8-Br-cAMP stimulated capsaicin responses are not inhibited by morphine. (A) FLAG-MOP/TRPV1 double stable HEK293 cells (Colony 21) were loaded with the fluorescent Ca²⁺ dye Fluo-3 and Ca²⁺ responses to injection of 300 nM capsaicin were monitored using a fluorescent Microplate reader. Cells were pre-incubated for 15 min with IBMX (100 μM) as well as varying concentrations of the direct PKA activator 8-Br-cAMP (1 mM, 300 μM, 100 μM, 30 μM, 10 μM, 3 μM, 1 μM or PSS). Capsaicin (300 nM) was injected and Ca²+ responses plotted as the maximum increase in ΔF/F after capsaicin injection. Pre-incubation with 8-Br-cAMP and IBMX potentiated Ca²⁺ responses to 300 nM capsaicin in an 8-Br-cAMP-concentration-dependent manner. (B) Morphine does not inhibit capsaicin responses potentiated by the direct PKA activator 8-Br-cAMP. Fluo-3 loaded FLAG-MOP/TRPV1 cells were incubated with PSS for untreated cell (◆) or morphine (1 μM) for treated cells (○) for 15 min, followed by potentiated with IBMX (100 μM) and 8-Br-cAMP (300 μM) for 15 min.

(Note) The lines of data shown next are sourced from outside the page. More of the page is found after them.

definition unity_root :: "nat \<Rightarrow> complex" where
  "unity_root M = exp (2 * of_real pi * \<i> / of_nat M)"

lemma unity_root_power_eq_1_iff: "0 < M \<Longrightarrow> unity_root M ^ q = 1 \<longleftrightarrow> M dvd q"
proof -
  assume "0 < M"
  have "unity_root M ^ q = exp (2 * of_real pi * \<i> * of_nat q / of_nat M)"
    unfolding unity_root_def exp_of_nat_mult[symmetric] by (simp add: field_simps)
  thus ?thesis using \<open>0 < M\<close> complex_root_unity_eq_1[of M q] by simp
qed

lemma norm_unity_root [simp]: "cmod (unity_root M) = 1"
  by (simp add: unity_root_def norm_exp_eq_Re)

lemma sum_unity_root_power:
  assumes "0 < M"
  shows "(\<Sum>j<M. unity_root M ^ (j * q)) = (if M dvd q then of_nat M else 0)"
proof -
  define w where "w = unity_root M ^ q"
  have pw: "unity_root M ^ (j * q) = w ^ j" for j
    by (simp add: w_def power_mult[symmetric] mult.commute)
  have "w ^ M = 1"
    using unity_root_power_eq_1_iff[OF assms, of "q * M"] by (simp add: w_def power_mult[symmetric])
  moreover have "w = 1 \<longleftrightarrow> M dvd q"
    unfolding w_def by (rule unity_root_power_eq_1_iff[OF assms])
  ultimately show ?thesis
    by (cases "w = 1") (simp_all add: pw geometric_sum)
qed

lemma cnj_unity_root_power:
  assumes "0 < M"
  shows "cnj (unity_root M ^ j) = unity_root M ^ (j * (M - 1))"
proof -
  define z where "z = unity_root M ^ j"
  have "z * cnj z = 1"
    using complex_norm_square[of z] by (simp add: z_def norm_power)
  moreover have "z * z ^ (M - 1) = 1"
  proof -
    have "z * z ^ (M - 1) = z ^ M" using assms by (cases M) simp_all
    also have "\<dots> = 1"
      using unity_root_power_eq_1_iff[OF assms, of "j * M"] by (simp add: z_def power_mult)
    finally show ?thesis .
  qed
  ultimately have "cnj z = z ^ (M - 1)"
    by (metis mult.assoc mult.commute mult_1_left)
  thus ?thesis by (simp add: z_def power_mult)
qed

text \<open>With \<open>s = R w^j\<close> the term \<open>(1 + s + s\<^sup>*) s^n\<close> involves the powers \<open>w^(jn)\<close>,
  \<open>w^(j(n+1))\<close> and \<open>w^(j(n-1))\<close>; summing over \<open>j < M\<close> kills every power of \<open>w\<close> not divisible
  by \<open>M\<close>.\<close>

lemma root_average_coeff:
  fixes R :: real
  assumes k: "2 \<le> k" and M: "M = k + 1" and n: "n < k"
  defines "s j \<equiv> of_real R * unity_root M ^ j"
  shows "(\<Sum>j<M. (1 + s j + cnj (s j)) * s j ^ n)
    = (if n = 0 then of_nat M else if n = 1 then of_nat M * of_real (R\<^sup>2) else 0)"
proof -
  define w where "w = unity_root M"
  define S where "S q = (\<Sum>j<M. w ^ (j * q))" for q
  have S: "S q = (if M dvd q then of_nat M else 0)" for q
    unfolding S_def w_def using M by (intro sum_unity_root_power) simp
  have "(1 + s j + cnj (s j)) * s j ^ n
      = of_real R ^ n * w ^ (j * n) + of_real R ^ n * of_real R * w ^ (j * (n + 1))
        + of_real R ^ n * of_real R * w ^ (j * (n + k))"
    for j
    using cnj_unity_root_power[of M j] M
    by (simp add: s_def w_def algebra_simps power_add[symmetric] flip: power_mult)
  hence "(\<Sum>j<M. (1 + s j + cnj (s j)) * s j ^ n)
      = of_real R ^ n * S n + of_real R ^ n * of_real R * S (n + 1) + of_real R ^ n * of_real R * S (n + k)"
    by (simp add: S_def sum_distrib_left sum.distrib)
  moreover have "M dvd n \<longleftrightarrow> n = 0" "\<not> M dvd (n + 1)" "M dvd (n + k) \<longleftrightarrow> n = 1"
  proof -
    show "M dvd n \<longleftrightarrow> n = 0" using n M by (auto dest: dvd_imp_le)
    show "\<not> M dvd (n + 1)" using n M by (auto dest: dvd_imp_le)
    show "M dvd (n + k) \<longleftrightarrow> n = 1"
    proof (cases n)
      case 0 thus ?thesis using k M by (auto dest: dvd_imp_le)
    next
      case (Suc m)
      hence "n + k = M + m" using M by simp
      hence "M dvd (n + k) \<longleftrightarrow> M dvd m" by simp
      also have "\<dots> \<longleftrightarrow> m = 0" using n Suc M by (auto dest: dvd_imp_le)
      finally show ?thesis using Suc by simp
    qed
  qed
  ultimately show ?thesis
    by (simp add: S power2_eq_square)
qed

locale complex_isometry =
  fixes T :: "'a::cstar_algebra \<Rightarrow> 'a"
  assumes add: "T (x + y) = T x + T y"
    and scaleC: "T (scaleC c x) = scaleC c (T x)"
    and norm_eq: "norm (T x) = norm x"
begin

lemma bounded_linear: "bounded_linear T"
  by (rule bounded_linear_intro[where K=1]) (simp_all add: add norm_eq scaleC flip: scaleC_of_real)

lemma suminf: "summable f \<Longrightarrow> T (suminf f) = (\<Sum>n. T (f n))"
  using bounded_linear.suminf[OF bounded_linear] by metis

definition delta :: "'a \<Rightarrow> nat \<Rightarrow> 'a" where
  "delta x n = ((\<lambda>y. T y - y) ^^ n) x"

lemma delta_0 [simp]: "delta x 0 = x"
  by (simp add: delta_def)

lemma delta_Suc: "delta x (Suc n) = T (delta x n) - delta x n"
  by (simp add: delta_def)

definition delta_series :: "'a \<Rightarrow> complex \<Rightarrow> 'a" where
  "delta_series x s = (\<Sum>n. scaleC (s ^ n) (delta x n))"

context
  fixes x :: 'a
  assumes delta_entire: "\<And>R. 0 \<le> R \<Longrightarrow> summable (\<lambda>n. R ^ n * norm (delta x n))"
begin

Untreated control responses are denoted by (*). Pre-incubation with morphine did not inhibit 8-Br-cAMP potentiated capsaicin responses (○). Data are presented as mean ± SEM for n = 4–8. (C) Morphine does not inhibit capsaicin responses potentiated by the PKC activator PMA. Fluo-3 loaded FLAG-MOP/TRPV1 cells were incubated with PSS for untreated cell (*). PMA-potentiation was achieved by incubation of cells for 10 minutes with PMA (100 nM), preceded by 15 min incubation with PSS for control responses (○) or morphine (1 μM) for treated cells (▼). Pre-incubation with morphine did not inhibit 8-Br-cAMP potentiated capsaicin responses.

Figure 8

Cultured Dorsal Root Ganglion Neurones co-express TRPV1 and MOP. (A) DAPI stain (blue) shows cell nuclei of neurones as well as accessory cells. (B) Labelling with anti-MOP antibody, visualised with a FITC-conjugated secondary antibody, shows expression of MOP protein in cells with neuronal morphology, but not accessory cells. (C) TRPV1 protein (red) was visualised using a TRPV1 antibody with Cy3-conjugated secondary antibody. (D) Overlay of panels A, B and C shows co-expression of TRPV1 and MOP (yellow) in cultured DRG neurones. Scale bar = 12 μm.